What to work on:
Set down exactly the lines below, starting at the one that contains "stair (\<lambda>i. add_ZZm" and ending at the one that contains "(j + 1) mod", with both of those lines included and nothing else.

(Collected data)
========================================

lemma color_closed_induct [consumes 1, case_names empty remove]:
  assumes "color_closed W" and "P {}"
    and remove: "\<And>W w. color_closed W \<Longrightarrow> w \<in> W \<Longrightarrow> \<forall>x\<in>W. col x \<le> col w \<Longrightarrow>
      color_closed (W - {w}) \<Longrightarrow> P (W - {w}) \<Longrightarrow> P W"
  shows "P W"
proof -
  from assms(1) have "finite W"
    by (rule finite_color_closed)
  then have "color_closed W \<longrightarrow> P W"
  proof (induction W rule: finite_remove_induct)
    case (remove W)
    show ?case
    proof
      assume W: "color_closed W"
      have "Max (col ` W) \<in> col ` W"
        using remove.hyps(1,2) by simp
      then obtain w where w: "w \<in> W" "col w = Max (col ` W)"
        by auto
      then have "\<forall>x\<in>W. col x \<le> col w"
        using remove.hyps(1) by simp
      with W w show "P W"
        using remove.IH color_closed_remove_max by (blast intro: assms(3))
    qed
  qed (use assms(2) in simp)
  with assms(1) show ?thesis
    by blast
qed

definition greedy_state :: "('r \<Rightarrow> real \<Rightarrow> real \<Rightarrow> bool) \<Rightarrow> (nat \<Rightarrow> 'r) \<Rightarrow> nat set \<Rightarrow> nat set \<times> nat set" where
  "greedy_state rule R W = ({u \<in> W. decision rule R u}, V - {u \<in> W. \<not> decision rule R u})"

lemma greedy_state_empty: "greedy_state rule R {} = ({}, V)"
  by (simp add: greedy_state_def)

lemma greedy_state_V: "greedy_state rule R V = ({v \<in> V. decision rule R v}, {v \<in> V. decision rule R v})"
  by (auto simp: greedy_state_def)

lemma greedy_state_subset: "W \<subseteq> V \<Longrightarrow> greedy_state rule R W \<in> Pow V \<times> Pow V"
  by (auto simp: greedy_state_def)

========================================

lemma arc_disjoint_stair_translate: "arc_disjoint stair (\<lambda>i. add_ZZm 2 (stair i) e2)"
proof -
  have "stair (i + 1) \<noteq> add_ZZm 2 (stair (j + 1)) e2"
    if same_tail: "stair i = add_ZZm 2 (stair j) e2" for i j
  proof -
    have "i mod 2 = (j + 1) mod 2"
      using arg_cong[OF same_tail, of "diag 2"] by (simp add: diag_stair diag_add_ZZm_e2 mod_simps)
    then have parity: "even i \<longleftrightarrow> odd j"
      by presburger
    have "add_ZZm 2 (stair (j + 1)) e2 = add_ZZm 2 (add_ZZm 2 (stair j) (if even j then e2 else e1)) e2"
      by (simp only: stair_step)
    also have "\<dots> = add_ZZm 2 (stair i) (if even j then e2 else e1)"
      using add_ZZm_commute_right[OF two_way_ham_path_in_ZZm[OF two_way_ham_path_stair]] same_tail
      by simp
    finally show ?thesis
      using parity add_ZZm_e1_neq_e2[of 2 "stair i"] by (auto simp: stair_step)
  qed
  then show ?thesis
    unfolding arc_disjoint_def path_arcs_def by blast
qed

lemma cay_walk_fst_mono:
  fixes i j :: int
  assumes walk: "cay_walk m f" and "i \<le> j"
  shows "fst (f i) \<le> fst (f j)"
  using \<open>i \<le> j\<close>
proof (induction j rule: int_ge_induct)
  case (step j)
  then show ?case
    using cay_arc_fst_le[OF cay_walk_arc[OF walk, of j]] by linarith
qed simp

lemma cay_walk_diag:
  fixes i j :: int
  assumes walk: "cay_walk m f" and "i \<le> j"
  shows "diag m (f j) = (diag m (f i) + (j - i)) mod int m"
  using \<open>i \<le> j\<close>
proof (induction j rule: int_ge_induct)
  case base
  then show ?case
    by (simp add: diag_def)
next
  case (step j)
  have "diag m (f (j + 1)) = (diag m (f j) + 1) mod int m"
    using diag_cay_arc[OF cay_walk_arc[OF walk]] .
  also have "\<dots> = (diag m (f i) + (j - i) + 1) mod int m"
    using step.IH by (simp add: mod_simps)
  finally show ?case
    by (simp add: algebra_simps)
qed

========================================

Solution:
lemma arc_disjoint_stair_translate: "arc_disjoint stair (\<lambda>i. add_ZZm 2 (stair i) e2)"
proof -
  have "stair (i + 1) \<noteq> add_ZZm 2 (stair (j + 1)) e2"
    if same_tail: "stair i = add_ZZm 2 (stair j) e2" for i j
  proof -
    have "i mod 2 = (j + 1) mod 2"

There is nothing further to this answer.